After this event, I got to thinking. Abortions
were now being done in the backroom of our facility,
and resident physicians were learning the
procedures. I'd brought up the point that abortions
did not sit well with patients who may be in the
very same clinic for infertility problems, and most
mothers would not especially like to have their
toddlers vaccinated right next door to where kids a
year or so younger were being killed. My
economically based protests got nowhere.
Though being named "teacher of the year" two
weeks earlier by our family medicine residents, and
seeing the largest number of patients of all the
providers assigned to our clinic, I realized that my
economic and teaching attributes paled in importance
to the right of the abortionists in our group
practice to empty whatever uteruses they pleased,
under whatever conditions they pleased. It was time
for me, with great heaviness of heart, to leave this
facility.
My story is far from unique. Another physician
faced exactly the same situation at the state
university which is known as our cross-town rival,
and also submitted his resignation rather than work
in a clinic where abortion-on-demand was practised.

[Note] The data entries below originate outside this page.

theorem corollary3p2:
  fixes l lt r rt :: "real \<Rightarrow> ereal" and \<psi> \<eta>l \<eta>r \<eta>lt \<eta>rt :: "real \<Rightarrow> real"
  assumes "cadlag_minus l" and "cadlag_minus lt"
    and "cadlag_plus r" and "cadlag_plus rt"
    and "\<forall>t\<ge>0. lt t \<le> l t"
    and "\<forall>t\<ge>0. r t = rt t"
    and "(INF t\<in>{0..}. r t - l t) > 0"
    and "cadlag \<psi>"
    and "constraining_pair \<psi> l r \<eta>l \<eta>r"
    and "constraining_pair \<psi> lt rt \<eta>lt \<eta>rt"
  shows "\<forall>t\<ge>0. \<eta>r t \<ge> \<eta>rt t \<and> \<eta>l t \<ge> \<eta>lt t"
proof -
  obtain \<phi> \<eta> where \<phi>: "\<forall>t\<ge>0. \<phi> t = \<psi> t + \<eta> t \<and> l t \<le> ereal (\<phi> t) \<and> ereal (\<phi> t) \<le> r t"
    and nd: "nondecr \<eta>l" "nondecr \<eta>r" and \<eta>: "\<forall>t\<ge>0. \<eta> t = \<eta>l t - \<eta>r t"
    using assms(9) unfolding constraining_pair_def by blast
  obtain \<phi>t \<eta>t where "cadlag \<phi>t"
    and \<phi>t: "\<forall>t\<ge>0. \<phi>t t = \<psi> t + \<eta>t t \<and> lt t \<le> ereal (\<phi>t t) \<and> ereal (\<phi>t t) \<le> rt t"
    and ndt: "nondecr \<eta>lt" "nondecr \<eta>rt" and \<eta>t: "\<forall>t\<ge>0. \<eta>t t = \<eta>lt t - \<eta>rt t"
    and Ilt: "LS_indicator_integral \<eta>lt (\<lambda>s. lt s < ereal (\<phi>t s)) = 0"
    and Irt: "LS_indicator_integral \<eta>rt (\<lambda>s. ereal (\<phi>t s) < rt s) = 0"
    using assms(10) unfolding constraining_pair_def by blast
  have "{s. 0 \<le> s \<and> ereal (\<phi>t s) < rt s} = {s. 0 \<le> s \<and> ereal (\<phi>t s) < r s}"
    using assms(6) by auto
  then have Irt': "LS_indicator_integral \<eta>rt (\<lambda>s. ereal (\<phi>t s) < r s) = 0"
    using Irt unfolding LS_indicator_integral_def by simp
  have gap: "l t < r t" if "0 \<le> t" for t
    using lower_less_upper_if_INF_gap_pos[OF assms(7) that] assms(1,3) that
    unfolding cadlag_minus_def cadlag_plus_def by blast
  show ?thesis
  proof (intro allI impI constraining_processes_mono_lower_boundary[OF gap _ _ _ \<open>cadlag \<phi>t\<close> _ _ _
        nd ndt Ilt Irt'])
    show "cadlag r" "cadlag lt"
      using assms(2,3) unfolding cadlag_plus_def cadlag_minus_def by auto
  qed (use assms(5,6) \<phi> \<phi>t \<eta> \<eta>t in auto)
qed

end
(* Let $m,d,s$ be positive integers and $q$ a prime power with $d/m<q-1$. Then the multiplicity code $\mathcal{C}(m,d,s,q)$ is a $k$-PIR code $[q^s,n,k]_Q^P$, where $n=\binom{d+s}{s}/\binom{s+m-1}{s}$, $k=\lfloor q/m\rfloor^{s-1}$, and $Q=q^{\binom{s+m-1}{s}}$.
   Context: For $\boldsymbol{i}=(i_1,\dots,i_s)$ a vector of nonnegative integers, $wt(\boldsymbol{i})=\sum_j i_j$. For $P\in\mathbb{F}_q[x_1,\dots,x_s]$, the $\boldsymbol{i}$-th Hasse derivative $P^{(\boldsymbol{i})}(\boldsymbol{x})$ is the coefficient of $\boldsymbol{z}^{\boldsymbol{i}}$ in $P(\boldsymbol{x}+\boldsymbol{z})$. Let $\Sigma=\mathbb{F}_q^{\binom{s+m-1}{s}}$ and $P^{(<m)}(\boldsymbol{w})=(P^{(\boldsymbol{i})}(\boldsymbol{w}))_{wt(\boldsymbol{i})<m}\in\Sigma$. The multiplicity code $\mathcal{C}(m,d,s,q)$ is the $\mathbb{F}_q$-linear code of length $q^s$ over the alphabet $\Sigma$ (of size $Q$), coordinates indexed by $\mathbb{F}_q^s$, consisting of $(P^{(<m)}(\boldsymbol{w}))_{\boldsymbol{w}\in\mathbb{F}_q^s}$ for all $P$ of total degree at most $d$; it is taken in systematic form, so that it encodes $n=\log_Q|\mathcal{C}|$ information symbols. An $[N,n,k]_Q^P$ code ($k$-PIR code) is a code of length $N$ over an alphabet of size $Q$ encoding $n$ information symbols such that for every information symbol $x_i$ there exist $k$ mutually disjoint sets $R_{i,1},\dots,R_{i,k}$ of coordinates such that, for each $j$, $x_i$ is a function of the codeword symbols in $R_{i,j}$. *)

theory Defs
  imports Complex_Main "HOL-Library.FuncSet" "HOL-Library.Cardinality"
begin

text \<open>Points of F_q^s: functions nat => 'a vanishing outside {..<s}.\<close>
definition pts :: "nat \<Rightarrow> (nat \<Rightarrow> 'a::zero) set" where
  "pts s = {x. \<forall>j\<ge>s. x j = 0}"
lemma traj_exp_series_solves:
  fixes A :: "real^'n^'n" and B :: "real^'m^'n" and x :: "real^'n" and u :: "real^'m"
  defines "y \<equiv> \<lambda>t. \<Sum>k. (t ^ k / fact k) *\<^sub>R traj_coeff A B x u k"
  shows "y 0 = x" and "(y has_vector_derivative A *v y t + B *v u) (at t)"
proof -
  show "y 0 = x"
    unfolding y_def by (subst suminf_finite[of "{0}"]) (auto simp: traj_coeff_def)
  obtain c C where bound: "\<And>k. norm (traj_coeff A B x u k) \<le> c * C ^ k"
    using norm_traj_coeff_le by blast
  have "(\<lambda>k. (t ^ k / fact k) *\<^sub>R (A *v traj_coeff A B x u k)) sums (A *v y t)"
    using bounded_linear.sums[OF matrix_vector_mul_bounded_linear
        summable_sums[OF summable_exp_series[OF bound]]]
    by (simp add: y_def matrix_vector_mult_scaleR)
  from sums_add[OF this sums_single[of 0 "\<lambda>_. B *v u"]]
  have "(\<lambda>k. (t ^ k / fact k) *\<^sub>R traj_coeff A B x u (Suc k)) sums (A *v y t + B *v u)"
  proof (rule back_subst[of "\<lambda>f. f sums _"], intro ext)
    fix k
    show "(t ^ k / fact k) *\<^sub>R (A *v traj_coeff A B x u k) + (if k = 0 then B *v u else 0)
        = (t ^ k / fact k) *\<^sub>R traj_coeff A B x u (Suc k)"
      by (cases k) (simp_all add: traj_coeff_def matrix_vector_mul_assoc)
  qed
  then show "(y has_vector_derivative A *v y t + B *v u) (at t)"
    using has_vector_derivative_exp_series[OF bound, of t] by (simp add: y_def sums_iff)
qed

Up north in the San Francisco Bay area, a physician
who was the mother and sole support of three young
children related in a whisper how she would try to
talk young girls into avoiding premarital sex, or
into carrying a pregnancy to term, but feared that
any open acknowledgment of her pro-life persuasion
would mean the loss of her job. Nurses and other
healthcare providers who object to abortions are
similarly harassed, forced to resign, or ridiculed
in many areas of our fair state and nation. What
does this mean for the public?
As more and more healthcare workers who have a
life ethic that values each individual are
systematically discouraged from practising their
beliefs, and as attrition forced by a hostile
workplace depletes their numbers, young doctors and
nurses are increasingly taught by those who believe
that life has little value when it is not perfect,
or is not desired by others. Oregon already has a
law that legalizes physician-assisted suicide. A
similar bill is under active consideration in the
California State Assembly. Already I've had patients
who fear that admission to the hospital will put
their care in the hands of those who may end their
lives if a cure doesn't seem possible.
Fortunately, at present, this possibility is
rather remote. But will that always be the case? In
Holland, terminations have increased in number and
safeguards have decreased over the years. "Damaged"
newborns are put to death if their parents consent.
Back at Princeton, the new chair of the Ethics
Department actually espouses the killing of babies
with major congenital problems. Medicine's
philosophy is slowly swinging from allegiance to the
individual patient toward duty to the larger
community. People believe the world is becoming too
crowded. The logical outcome of a simultaneous
consideration of these two factors is decreased
attention to the medical needs of patients
considered too much of a social burden.
Football season will never be the same again.
When I hear the strains of our beloved "Conquest,"
played by our marching band decked out in the
plumbed helmets as our white mascot gallops proudly
around the track, there will be pride in our
football warriors, but it will be mixed with
sadness. Our Trojan horse looks beautiful on the
outside, but I also know that our institution on the
inside has lost its way. We have embraced a culture
that values convenience over the right of each
individual to live his or her life as planned by the
Author of all life from the beginning of time.